It was precisely the "poison pill" of the 4e GSL that brought about their largest competitor.

If WotC continued with the OGL 1.0a without interruption, Paizo would have created new content for 4e. For WotC.

And the many D&D players whose needs Paizo met would be WotC customers, purchasing WotC Players Handbook and supplements with Paizo options.


----------



## Yaarel

The flourishing of D&D 5e evidences the business wisdom of the OGL 1.0a.


----------



## Scribe

Yaarel said:


> The flourishing of D&D 5e evidences the business wisdom of the OGL 1.0a.




One would think so, but short term profits + corporate greed + "growth must happen, always" capitalism, leads people down particularly twisted roads.


----------



## payn

Yaarel said:


> It was precisely the "poison pill" of the 4e GSL that brought about their largest competitor.
> 
> If WotC continued with the OGL 1.0a without interruption, Paizo would have created new content for 4e.

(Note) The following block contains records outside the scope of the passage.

lemma H_moon_zeta_invariant:
  fixes b :: "nat \<Rightarrow> real^2"
  assumes "mm \<ge> 1" "pp \<ge> 1"
    and \<sigma>: "\<sigma> permutes {2..n}"
    and sym: "\<forall>j\<in>{2..n}. m j = m (\<sigma> j) \<and> b j = expJ (2 * pi / real mm) *v b (\<sigma> j)"
    and x_periodic: "\<forall>t. x (t + 2 * pi) = x t"
  defines "ys \<equiv> \<lambda>j \<tau>. expJ (- (real pp * \<tau>)) *v b j"
  shows "H_moon n m \<alpha> \<epsilon> ys (zeta mm pp x) = H_moon n m \<alpha> \<epsilon> ys x"
proof -
  define s where "s = 2 * pi / (real mm * real pp)"
  have ys_periodic: "ys j (\<tau> + 2 * pi) = ys j \<tau>" for j \<tau>
  proof -
    have "expJ (- (real pp * (\<tau> + 2 * pi))) = expJ (- (real pp * \<tau>))"
      using expJ_add_2pi_int[of "- (real pp * \<tau>)" "- int pp"] by (simp add: algebra_simps)
    then show ?thesis
      by (simp add: ys_def)
  qed
  have ys_shift: "\<forall>j\<in>{2..n}. m j = m (\<sigma> j) \<and> ys j (\<tau> + s) = ys (\<sigma> j) \<tau>" for \<tau>
  proof -
    have "s = (2 * pi / real mm) / real pp"
      by (simp add: s_def)
    then show ?thesis
      using sym expJ_rotating_frame_shift[of "real pp" \<tau> "2 * pi / real mm"] assms(2)
      by (simp add: ys_def)
  qed
  have "h_moon n m \<alpha> \<epsilon> ys v (\<tau> + s) = h_moon n m \<alpha> \<epsilon> ys v \<tau>" for v \<tau>
    using sum_permute_weighted[OF \<sigma> ys_shift, of "\<lambda>y. phi \<alpha> (norm (y + \<epsilon> *\<^sub>R v))
        + ((1 / norm y powr (\<alpha> + 1)) *\<^sub>R y) \<bullet> (\<epsilon> *\<^sub>R v)"]
      sum_permute_weighted[OF \<sigma> ys_shift, of "\<lambda>y. - ln (norm (y + \<epsilon> *\<^sub>R v) / norm y)
        + ((1 / norm y ^ 2) *\<^sub>R y) \<bullet> (\<epsilon> *\<^sub>R v)"]
    by (simp only: h_moon_def)
  moreover have "h_moon n m \<alpha> \<epsilon> ys v (\<tau> + 2 * pi) = h_moon n m \<alpha> \<epsilon> ys v \<tau>" for v \<tau>
    by (simp only: h_moon_def ys_periodic)
  ultimately show ?thesis
    unfolding H_moon_def using integral_zeta_eq[OF assms(1,2) x_periodic, of "h_moon n m \<alpha> \<epsilon> ys"]
    by (simp add: s_def)
qed

theorem lemma2:
  fixes n mm pp :: nat and \<alpha> :: real and m :: "nat \<Rightarrow> real"
  assumes "n \<ge> 2" and "\<alpha> \<ge> 1" and "\<forall>j\<in>{1..n}. m j > 0"
    and "mm \<ge> 2" and "pp \<ge> 1"
  shows
    "(\<forall>(q :: nat \<Rightarrow> real \<Rightarrow> real^2) (qq :: nat) (\<epsilon> :: real) (\<sigma> :: nat \<Rightarrow> nat).
        nbody_periodic_solution n m \<alpha> q \<and> qq \<ge> 1 \<and> \<epsilon> > 0 \<and>
        \<sigma> permutes {1..n} \<and>
        (\<forall>j\<in>{1..n}. m j = m (\<sigma> j) \<and>
           (\<forall>t. q j (t + 2 * pi * real qq / (real mm * real pp)) = expJ (2 * pi / real mm) *v q (\<sigma> j) t))
        \<longrightarrow>
        (let \<omega> = real pp / real qq; \<nu> = 1 / real qq;
             xs = (\<lambda>j \<tau>. expJ (- (\<omega> * \<tau> / \<nu>)) *v q j (\<tau> / \<nu>))
         in \<forall>x. H1_periodic x \<and> (\<forall>\<tau>. x \<tau> \<noteq> 0 \<and> (\<forall>j\<in>{1..n}. x \<tau> \<noteq> \<epsilon> *\<^sub>R xs j \<tau>)) \<longrightarrow>
              H_comet n m \<alpha> \<epsilon> xs (zeta mm pp x) = H_comet n m \<alpha> \<epsilon> xs x)) \<and>
     (\<forall>(a :: nat \<Rightarrow> real^2) (\<omega> :: real) (\<epsilon> :: real) (\<sigma> :: nat \<Rightarrow> nat).
        m 1 = 1 \<and>
        (\<forall>j\<in>{1..n}. \<forall>k\<in>{1..n}. j \<noteq> k \<longrightarrow> a j \<noteq> a k) \<and>
        (\<forall>j\<in>{1..n}. a j = (\<Sum>k\<in>{1..n} - {j}. (m k / norm (a j - a k) powr (\<alpha> + 1)) *\<^sub>R (a j - a k))) \<and>
        \<omega> > 1 \<and> \<epsilon> > 0 \<and>
        \<sigma> permutes {1..n} \<and> \<sigma> 1 = 1 \<and> a 1 = 0 \<and>
        (\<forall>j\<in>{2..n}. m j = m (\<sigma> j) \<and> a j = expJ (2 * pi / real mm) *v a (\<sigma> j))
        \<longrightarrow>
        (let q = (\<lambda>j t. expJ t *v a j); \<nu> = (\<omega> - 1) / real pp;
             xs = (\<lambda>j \<tau>. expJ (- (\<omega> * \<tau> / \<nu>)) *v q j (\<tau> / \<nu>));
             ys = (\<lambda>j \<tau>. xs 1 \<tau> - xs j \<tau>)
         in \<forall>x. H1_periodic x \<and> (\<forall>\<tau>. \<forall>j\<in>{2..n}. ys j \<tau> + \<epsilon> *\<^sub>R x \<tau> \<noteq> 0) \<longrightarrow>
              H_moon n m \<alpha> \<epsilon> ys (zeta mm pp x) = H_moon n m \<alpha> \<epsilon> ys x))"
proof (intro conjI allI impI, goal_cases comet moon)
  case (comet q qq \<epsilon> \<sigma>)
  then have q_periodic: "\<forall>j\<in>{1..n}. \<forall>t. q j (t + 2 * pi) = q j t"
    by (simp add: nbody_periodic_solution_def)
  have xs_eq: "(\<lambda>j \<tau>. expJ (- (real pp / real qq * \<tau> / (1 / real qq))) *v q j (\<tau> / (1 / real qq)))
      = (\<lambda>j \<tau>. expJ (- (real pp * \<tau>)) *v q j (real qq * \<tau>))"
    using comet by (simp add: mult.commute)
  show ?case
    unfolding Let_def xs_eq H1_periodic_def
    using H_comet_zeta_invariant[OF _ _ q_periodic] comet assms(4,5) by auto
next
  case (moon a \<omega> \<epsilon> \<sigma>)
  have "\<omega> > 1" and "\<sigma> permutes {1..n}" and "\<sigma> 1 = 1" and "a 1 = 0"
    and sym: "\<forall>j\<in>{2..n}. m j = m (\<sigma> j) \<and> a j = expJ (2 * pi / real mm) *v a (\<sigma> j)"
    using moon by blast+
  have frame: "expJ (- (\<omega> * \<tau> / ((\<omega> - 1) / real pp))) *v (expJ (\<tau> / ((\<omega> - 1) / real pp)) *v v)
      = expJ (- (real pp * \<tau>)) *v v" for \<tau> v
  proof -
    have "- (\<omega> * \<tau> / ((\<omega> - 1) / real pp)) + \<tau> / ((\<omega> - 1) / real pp)
        = - ((\<omega> - 1) * \<tau> / ((\<omega> - 1) / real pp))"
      by (simp add: left_diff_distrib diff_divide_distrib)
    also have "\<dots> = - (real pp * \<tau>)"
      using \<open>\<omega> > 1\<close> assms(5) by simp
    finally show ?thesis
      by (simp add: expJ_add_vector)
  qed
  have \<sigma>: "\<sigma> permutes {2..n}"
    by (rule permutes_superset[OF \<open>\<sigma> permutes {1..n}\<close>]) (use \<open>\<sigma> 1 = 1\<close> le_antisym not_less_eq_eq in fastforce)
  have b_sym: "\<forall>j\<in>{2..n}. m j = m (\<sigma> j) \<and> a 1 - a j = expJ (2 * pi / real mm) *v (a 1 - a (\<sigma> j))"
    using sym \<open>a 1 = 0\<close> by (simp add: linear_neg[OF matrix_vector_mul_linear])
  show ?case
    unfolding Let_def frame H1_periodic_def
    using H_moon_zeta_invariant[OF _ _ \<sigma> b_sym] assms(4,5)
    by (simp add: matrix_vector_mult_diff_distrib[symmetric])
qed

end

For WotC.
> 
> And the many D&D players whose needs Paizo met would be WotC customers, purchasing WotC Players Handbook and supplements with Paizo options.



Im not entirely convinced thats true based on some comments from Paizo folk at the time.


----------



## Morrus

Yaarel said:


> It was precisely the "poison pill" of the 4e GSL that brought about their largest competitor.



It was one factor amongst many. The other factors do not currently exist for anybody, so don’t expect a repeat of history.


----------



## Yaarel

payn said:


> Im not entirely convinced thats true based on some comments from Paizo folk at the time.



At the time, Paizo wanted to create content for both 3e and 4e. The Paizo contributions would have broadened the appeal of 4e to more customers.


----------



## payn

Yaarel said:


> At the time, Paizo wanted to create content for both 3e and 4e. The Paizo contributions would have broadened the appeal of 4e to more customers.



Probably, the WotC stuff was pretty bad.


----------



## Charlaquin

Shiroiken said:


> More than likely the WotC lawyers are going to try to focus away from the supposed intent, bringing up the fact that the OGL brought about their largest competitor.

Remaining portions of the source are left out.